# EXERCISE REQUIREMENTS
I would like every line of the records below that contains the word "simp" copied.

# TASK INPUTS
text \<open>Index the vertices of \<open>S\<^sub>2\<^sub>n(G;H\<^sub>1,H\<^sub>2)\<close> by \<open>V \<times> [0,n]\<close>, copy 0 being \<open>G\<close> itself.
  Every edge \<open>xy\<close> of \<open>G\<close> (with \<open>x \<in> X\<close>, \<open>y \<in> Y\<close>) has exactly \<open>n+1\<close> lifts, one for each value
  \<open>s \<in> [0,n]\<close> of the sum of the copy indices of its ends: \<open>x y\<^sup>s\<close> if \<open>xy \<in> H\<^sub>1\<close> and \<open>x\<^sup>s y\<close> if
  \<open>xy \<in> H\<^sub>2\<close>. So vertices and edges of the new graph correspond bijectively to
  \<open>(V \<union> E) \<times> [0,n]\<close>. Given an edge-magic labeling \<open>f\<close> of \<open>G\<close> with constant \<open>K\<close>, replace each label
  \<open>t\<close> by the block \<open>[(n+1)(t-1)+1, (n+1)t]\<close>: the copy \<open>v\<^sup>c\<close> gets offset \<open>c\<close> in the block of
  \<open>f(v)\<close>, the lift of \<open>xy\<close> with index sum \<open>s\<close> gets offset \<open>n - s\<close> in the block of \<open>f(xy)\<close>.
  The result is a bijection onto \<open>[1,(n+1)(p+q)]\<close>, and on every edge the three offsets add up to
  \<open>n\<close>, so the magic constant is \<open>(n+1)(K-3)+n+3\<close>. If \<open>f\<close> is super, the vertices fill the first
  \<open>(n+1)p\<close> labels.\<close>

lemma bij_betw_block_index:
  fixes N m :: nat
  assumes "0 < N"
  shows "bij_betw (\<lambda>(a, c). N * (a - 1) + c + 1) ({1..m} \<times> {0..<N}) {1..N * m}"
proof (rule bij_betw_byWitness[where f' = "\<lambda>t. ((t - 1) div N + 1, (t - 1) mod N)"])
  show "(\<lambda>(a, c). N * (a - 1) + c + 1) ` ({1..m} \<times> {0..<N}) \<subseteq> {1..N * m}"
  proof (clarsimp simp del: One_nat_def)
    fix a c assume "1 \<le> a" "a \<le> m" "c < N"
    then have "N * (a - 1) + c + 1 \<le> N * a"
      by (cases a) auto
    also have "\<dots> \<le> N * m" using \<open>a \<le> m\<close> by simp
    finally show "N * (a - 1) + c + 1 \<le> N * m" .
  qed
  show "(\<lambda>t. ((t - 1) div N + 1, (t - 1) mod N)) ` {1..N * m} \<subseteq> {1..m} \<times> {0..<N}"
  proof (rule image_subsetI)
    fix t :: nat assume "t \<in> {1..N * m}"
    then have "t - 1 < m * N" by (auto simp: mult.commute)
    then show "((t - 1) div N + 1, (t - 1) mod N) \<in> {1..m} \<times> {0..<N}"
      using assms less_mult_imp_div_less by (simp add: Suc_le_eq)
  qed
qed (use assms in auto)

# ANSWER TO THIS TASK
  proof (clarsimp simp del: One_nat_def)
    also have "\<dots> \<le> N * m" using \<open>a \<le> m\<close> by simp
    then have "t - 1 < m * N" by (auto simp: mult.commute)
      using assms less_mult_imp_div_less by (simp add: Suc_le_eq)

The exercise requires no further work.